[SOLVED] Has my PSU or Motherboard become deffective?

Terminasitor

Prominent
Jan 10, 2022
9
3
515
So here is my problem...
About two years ago I bought a used PC and an old 750ti and turned it into a "gaming computer" for my sister. She used it all this time with no issues (admittedly light use). However, recently I was doing some work on it (Winrar Compression) and suddenly the whole system shut down -not even a blue screen-. I tried rebooting but there was no display out, I cleared CMOS and took out the video card -to boot with onboard graphics- but still nothing happened. Thankfully I had a different compatible CPU (i5-4430s) and I was able to boot with that. When in windows I downloaded OCCT to stress test the system and about five minutes in the CPU test the same thing happened. Again I couldn't boot until I swapped the CPU.
I'm afraid that either the PSU or the Motherboard is bust since the problem persist despite the CPU change.
What do you guys think?

The system specs:
CPU:i3-4130
GPU: GTX 750ti
MB:Asus B85M-E ->Bios Version 3602(Latest)
Ram: 8gb DDR3 1333MHz(4 sticks of Kingston KVR113D3N9/2G)
PSU: 350Watt FSP350-60APN
 
Last edited:
Solution
Hard to say. Clearly the board is capable, I imagine the CPU swap just took long enough for the PSU to cool down and reset itself. You should start there.

Worst case you end up with a new PSU for the next build.

Eximo

Titan
Ambassador
Hard to say. Clearly the board is capable, I imagine the CPU swap just took long enough for the PSU to cool down and reset itself. You should start there.

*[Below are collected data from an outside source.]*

(* Let $A$ be a sub-tree of $T$, let $I',I''\subseteq\mathcal{I}_A$ be disjoint, and let $\Psi\subseteq V_A^{I'}$ and $\Phi\subseteq V_A^{I''}$. Then for every $x\in[0,d(r_A)]$, $$G(\Psi\cup\Phi,x)=G(\Psi,x)+G\big(\Phi,\;x+(d(r_A)-x)P(\Psi)\big),$$ where $P(\Psi)=0$ if $\Psi=\emptyset$ (note $x+(d(r_A)-x)P(\Psi)\le d(r_A)$).
   Context: Setting. $T$ is a finite tree rooted at $r_T$, node set $V_T$; every edge $e$ has weight $w_e\ge 0$. Every node $v$ has a probability $\pi_v\in(0,1]$ and a prize $p_v\in\mathbb{R}$. $d(v)$ is the total weight of the path from $r_T$ to $v$. A random set $\omega\subseteq V_T$ contains each node $v$ independently with probability $\pi_v$. For $S\subseteq V_T$, $P(S)=1-\prod_{s\in S}(1-\pi_s)$ ($P(\emptyset)=0$). For a node $a$, the sub-tree $A$ rooted at $r_A=a$ consists of $a$ and all its descendants, with node set $V_A$; if $a$ has children $c_1,\dots,c_m$, then $A_i$ ($1\le i\le m$) is the sub-tree rooted at $c_i$, $A_0$ is the sub-tree consisting of the single node $r_A$, $\mathcal{I}_A=\{0,1,\dots,m\}$, and $V_A^I=\bigcup_{i\in I}V_{A_i}$ for $I\subseteq\mathcal{I}_A$. For $Q\subseteq V_T$, $W(Q)$ is the total weight of the edges lying on at least one path from $r_T$ to a node of $Q$. For $S\subseteq V_A$ and $x\le d(r_A)$ the expected profit is $G(S,x)=\sum_{s\in S}p_s\pi_s-\mathbb{E}[W(S\cap\omega)]+x\,P(S)$. *)

theory Defs
  imports Complex_Main
begin

text \<open>The edge (v, par v) for v \<noteq> r is identified with its lower
  endpoint v and has weight w v.\<close>

definition is_tree :: "'a set \<Rightarrow> 'a \<Rightarrow> ('a \<Rightarrow> 'a) \<Rightarrow> bool" where
  "is_tree V r par \<longleftrightarrow> finite V \<and> r \<in> V \<and> (\<forall>v\<in>V - {r}. par v \<in> V)
      \<and> (\<forall>v\<in>V. \<exists>n. (par ^^ n) v = r)"

definition path_nodes :: "'a \<Rightarrow> ('a \<Rightarrow> 'a) \<Rightarrow> 'a \<Rightarrow> 'a set" where
  "path_nodes r par v = {(par ^^ k) v | k. k \<le> (LEAST n. (par ^^ n) v = r)}"

definition path_edges :: "'a \<Rightarrow> ('a \<Rightarrow> 'a) \<Rightarrow> 'a \<Rightarrow> 'a set" where
  "path_edges r par v = path_nodes r par v - {r}"

definition depth :: "'a \<Rightarrow> ('a \<Rightarrow> 'a) \<Rightarrow> ('a \<Rightarrow> real) \<Rightarrow> 'a \<Rightarrow> real" where
  "depth r par w v = (\<Sum>e\<in>path_edges r par v. w e)"

definition Wt :: "'a \<Rightarrow> ('a \<Rightarrow> 'a) \<Rightarrow> ('a \<Rightarrow> real) \<Rightarrow> 'a set \<Rightarrow> real" where
  "Wt r par w Q = (\<Sum>e\<in>(\<Union>v\<in>Q. path_edges r par v). w e)"

definition subtree :: "'a set \<Rightarrow> 'a \<Rightarrow> ('a \<Rightarrow> 'a) \<Rightarrow> 'a \<Rightarrow> 'a set" where
  "subtree V r par a = {u \<in> V. a \<in> path_nodes r par u}"

definition children :: "'a set \<Rightarrow> 'a \<Rightarrow> ('a \<Rightarrow> 'a) \<Rightarrow> 'a \<Rightarrow> 'a set" where
  "children V r par a = {c \<in> V. c \<noteq> r \<and> par c = a}"

text \<open>Index set I_A: None plays the role of index 0 (the single-node sub-tree A_0),
  Some c for a child c of a (the sub-tree rooted at c).\<close>
definition index_set :: "'a set \<Rightarrow> 'a \<Rightarrow> ('a \<Rightarrow> 'a) \<Rightarrow> 'a \<Rightarrow> 'a option set" where
  "index_set V r par a = insert None (Some ` children V r par a)"

definition part :: "'a set \<Rightarrow> 'a \<Rightarrow> ('a \<Rightarrow> 'a) \<Rightarrow> 'a \<Rightarrow> 'a option \<Rightarrow> 'a set" where
  "part V r par a i = (case i of None \<Rightarrow> {a} | Some c \<Rightarrow> subtree V r par c)"

definition parts :: "'a set \<Rightarrow> 'a \<Rightarrow> ('a \<Rightarrow> 'a) \<Rightarrow> 'a \<Rightarrow> 'a option set \<Rightarrow> 'a set" where
  "parts V r par a I = (\<Union>i\<in>I. part V r par a i)"

definition Pr :: "('a \<Rightarrow> real) \<Rightarrow> 'a set \<Rightarrow> real" where
  "Pr \<pi> S = 1 - (\<Prod>s\<in>S. 1 - \<pi> s)"

text \<open>Probability that the random set omega (each node v of V independently
  with probability pi v) equals U.\<close>
definition omega_prob :: "'a set \<Rightarrow> ('a \<Rightarrow> real) \<Rightarrow> 'a set \<Rightarrow> real" where
  "omega_prob V \<pi> U = (\<Prod>u\<in>U. \<pi> u) * (\<Prod>u\<in>V - U. 1 - \<pi> u)"

definition EW :: "'a set \<Rightarrow> 'a \<Rightarrow> ('a \<Rightarrow> 'a) \<Rightarrow> ('a \<Rightarrow> real) \<Rightarrow> ('a \<Rightarrow> real) \<Rightarrow> 'a set \<Rightarrow> real" where
  "EW V r par w \<pi> S = (\<Sum>U\<in>Pow V. omega_prob V \<pi> U * Wt r par w (S \<inter> U))"

definition G :: "'a set \<Rightarrow> 'a \<Rightarrow> ('a \<Rightarrow> 'a) \<Rightarrow> ('a \<Rightarrow> real) \<Rightarrow> ('a \<Rightarrow> real) \<Rightarrow> ('a \<Rightarrow> real)
    \<Rightarrow> 'a set \<Rightarrow> real \<Rightarrow> real" where
  "G V r par w \<pi> p S x = (\<Sum>s\<in>S. p s * \<pi> s) - EW V r par w \<pi> S + x * Pr \<pi> S"

end

theory Submission
  imports Defs
begin

text \<open>Root paths of nodes in different branches at a meet exactly in the root path of a, so
  W((\<Psi> \<union> \<Phi>) \<inter> \<omega>) = W(\<Psi> \<inter> \<omega>) + W(\<Phi> \<inter> \<omega>) - d(a) whenever \<omega> hits both
  \<Psi> and \<Phi>, and no correction is needed otherwise.  Taking expectations, \<omega> hits both
  with probability P(\<Psi>) P(\<Phi>) by independence, and the identity is then pure algebra,
  using P(\<Psi> \<union> \<Phi>) = 1 - (1 - P(\<Psi>)) (1 - P(\<Phi>)).\<close>

lemma Pr_Un_disjoint:
  assumes "finite S" "finite T" "S \<inter> T = {}"
  shows "Pr \<pi> (S \<union> T) = 1 - (1 - Pr \<pi> S) * (1 - Pr \<pi> T)"
  unfolding Pr_def using prod.union_disjoint[OF assms] by simp

text \<open>Expanding \<Prod>v\<in>V. (\<pi>' v + (1 - \<pi> v)), where \<pi>' vanishes on S and agrees with
  \<pi> elsewhere, over subsets of V.\<close>

lemma sum_omega_prob_avoid:
  assumes fin: "finite V" and S: "S \<subseteq> V"
  shows "(\<Sum>U\<in>Pow V. omega_prob V \<pi> U * of_bool (S \<inter> U = {})) = (\<Prod>s\<in>S. 1 - \<pi> s)"
proof -
  define \<pi>' where "\<pi>' = (\<lambda>v. if v \<in> S then 0 else \<pi> v)"
  have prod_\<pi>': "(\<Prod>v\<in>U. \<pi>' v) = (\<Prod>v\<in>U. \<pi> v) * of_bool (S \<inter> U = {})"
    if "U \<in> Pow V" for U
  proof (cases "S \<inter> U = {}")
    case True
    then have "(\<Prod>v\<in>U. \<pi>' v) = (\<Prod>v\<in>U. \<pi> v)"
      unfolding \<pi>'_def by (intro prod.cong) auto
    then show ?thesis using True by simp
  next
    case False
    moreover have "finite U" using that fin finite_subset by auto
    ultimately show ?thesis unfolding \<pi>'_def by (auto intro: prod_zero)
  qed
  have "(\<Prod>s\<in>S. 1 - \<pi> s) = (\<Prod>v\<in>V. if v \<in> S then 1 - \<pi> v else 1)"
    using prod.inter_restrict[OF fin, of "\<lambda>v. 1 - \<pi> v" S] S by (simp add: Int_absorb1)
  also have "\<dots> = (\<Prod>v\<in>V. \<pi>' v + (1 - \<pi> v))"
    unfolding \<pi>'_def by (rule prod.cong) auto
  also have "\<dots> = (\<Sum>U\<in>Pow V. (\<Prod>v\<in>U. \<pi>' v) * (\<Prod>v\<in>V - U. 1 - \<pi> v))"
    by (rule prod_add[OF fin])
  also have "\<dots> = (\<Sum>U\<in>Pow V. omega_prob V \<pi> U * of_bool (S \<inter> U = {}))"
    unfolding omega_prob_def by (rule sum.cong) (simp_all add: prod_\<pi>')
  finally show ?thesis by simp
qed

lemma sum_omega_prob_hits_both:
  assumes fin: "finite V" and S: "S \<subseteq> V" and T: "T \<subseteq> V" and disj: "S \<inter> T = {}"
  shows "(\<Sum>U\<in>Pow V. omega_prob V \<pi> U * of_bool (S \<inter> U \<noteq> {} \<and> T \<inter> U \<noteq> {}))
    = Pr \<pi> S * Pr \<pi> T"
proof -
  let ?avoid = "\<lambda>X. \<Sum>U\<in>Pow V. omega_prob V \<pi> U * of_bool (X \<inter> U = {})"
  have "of_bool (S \<inter> U \<noteq> {} \<and> T \<inter> U \<noteq> {}) = (1::real)
      - of_bool (S \<inter> U = {}) - of_bool (T \<inter> U = {}) + of_bool ((S \<union> T) \<inter> U = {})" for U
    by (auto simp: Int_Un_distrib2)
  then have "(\<Sum>U\<in>Pow V. omega_prob V \<pi> U * of_bool (S \<inter> U \<noteq> {} \<and> T \<inter> U \<noteq> {}))
      = ?avoid {} - ?avoid S - ?avoid T + ?avoid (S \<union> T)"
    by (simp only: right_diff_distrib distrib_left mult_1_right sum.distrib sum_subtractf
        Int_empty_left simp_thms of_bool_eq(2))
  also have "\<dots> = 1 - (\<Prod>s\<in>S. 1 - \<pi> s) - (\<Prod>s\<in>T. 1 - \<pi> s) + (\<Prod>s\<in>S \<union> T. 1 - \<pi> s)"
    using S T sum_omega_prob_avoid[OF fin empty_subsetI, of \<pi>]
    by (simp add: sum_omega_prob_avoid[OF fin])
  also have "\<dots> = Pr \<pi> S * Pr \<pi> T"
    using prod.union_disjoint[OF finite_subset[OF S fin] finite_subset[OF T fin] disj]
    unfolding Pr_def by (simp add: algebra_simps)
  finally show ?thesis .
qed

lemma funpow_apply_funpow: "(f ^^ m) ((f ^^ n) x) = (f ^^ (m + n)) x"
  by (simp add: funpow_add)

definition level :: "'a \<Rightarrow> ('a \<Rightarrow> 'a) \<Rightarrow> 'a \<Rightarrow> nat" where
  "level r par v = (LEAST n. (par ^^ n) v = r)"

lemma path_nodes_level: "path_nodes r par v = {(par ^^ k) v | k. k \<le> level r par v}"
  by (simp add: path_nodes_def level_def)

lemma path_nodes_self: "v \<in> path_nodes r par v"
  unfolding path_nodes_level by (intro CollectI exI[of _ 0]) simp

lemma finite_path_edges: "finite (path_edges r par v)"
proof -
  have "path_nodes r par v = (\<lambda>k. (par ^^ k) v) ` {..level r par v}"
    unfolding path_nodes_level by auto
  then show ?thesis unfolding path_edges_def by simp
qed

context
  fixes V r par
  assumes tree: "is_tree V r par"
begin

lemma funpow_level_eq_root:
  assumes "v \<in> V"
  shows "(par ^^ level r par v) v = r"
proof -
  obtain n where "(par ^^ n) v = r" using tree assms unfolding is_tree_def by blast
  then show ?thesis unfolding level_def by (rule LeastI)
qed

lemma funpow_less_level_neq_root: "n < level r par v \<Longrightarrow> (par ^^ n) v \<noteq> r"
  unfolding level_def using not_less_Least by blast

lemma funpow_in_tree:
  assumes "v \<in> V"
  shows "k \<le> level r par v \<Longrightarrow> (par ^^ k) v \<in> V"
proof (induction k)
  case 0
  then show ?case using assms by simp
next
  case (Suc k)
  then have "(par ^^ k) v \<in> V" "(par ^^ k) v \<noteq> r"
    using funpow_less_level_neq_root by auto
  then show ?case using tree unfolding is_tree_def by simp
qed

lemma level_funpow:
  assumes "v \<in> V" "k \<le> level r par v"
  shows "level r par ((par ^^ k) v) = level r par v - k"
  unfolding level_def[of r par "(par ^^ k) v"]
proof (rule Least_equality)
  show "(par ^^ (level r par v - k)) ((par ^^ k) v) = r"
    using funpow_level_eq_root[OF assms(1)] assms(2) by (simp add: funpow_apply_funpow)
next
  fix y assume "(par ^^ y) ((par ^^ k) v) = r"
  then have "(par ^^ (y + k)) v = r" by (simp add: funpow_add)
  then show "level r par v - k \<le> y"
    using funpow_less_level_neq_root[of "y + k" v] by linarith
qed

lemma path_nodes_subset: "v \<in> V \<Longrightarrow> path_nodes r par v \<subseteq> V"
  using funpow_in_tree unfolding path_nodes_level by auto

Worst case you end up with a new PSU for the next build.
 
Solution

Terminasitor

Prominent
Jan 10, 2022
9
3
515
Your assumption seems to be correct. I guess you do have a spare PSU for a test. If problem stays with a known working PSU it would point towards mobo. Of course theoretically it could be GPU as well, but nothing you were doing while shut downs happened was stressing GPU so that's unlikely.
I don't have my own PC with me at the moment but when possible I will get its power supply and see if that's the problem. Also I really doubt that the GPU is at fault, since when the shutdown happened, during the stress test, I was on onboard graphics (I forgot to mention that before).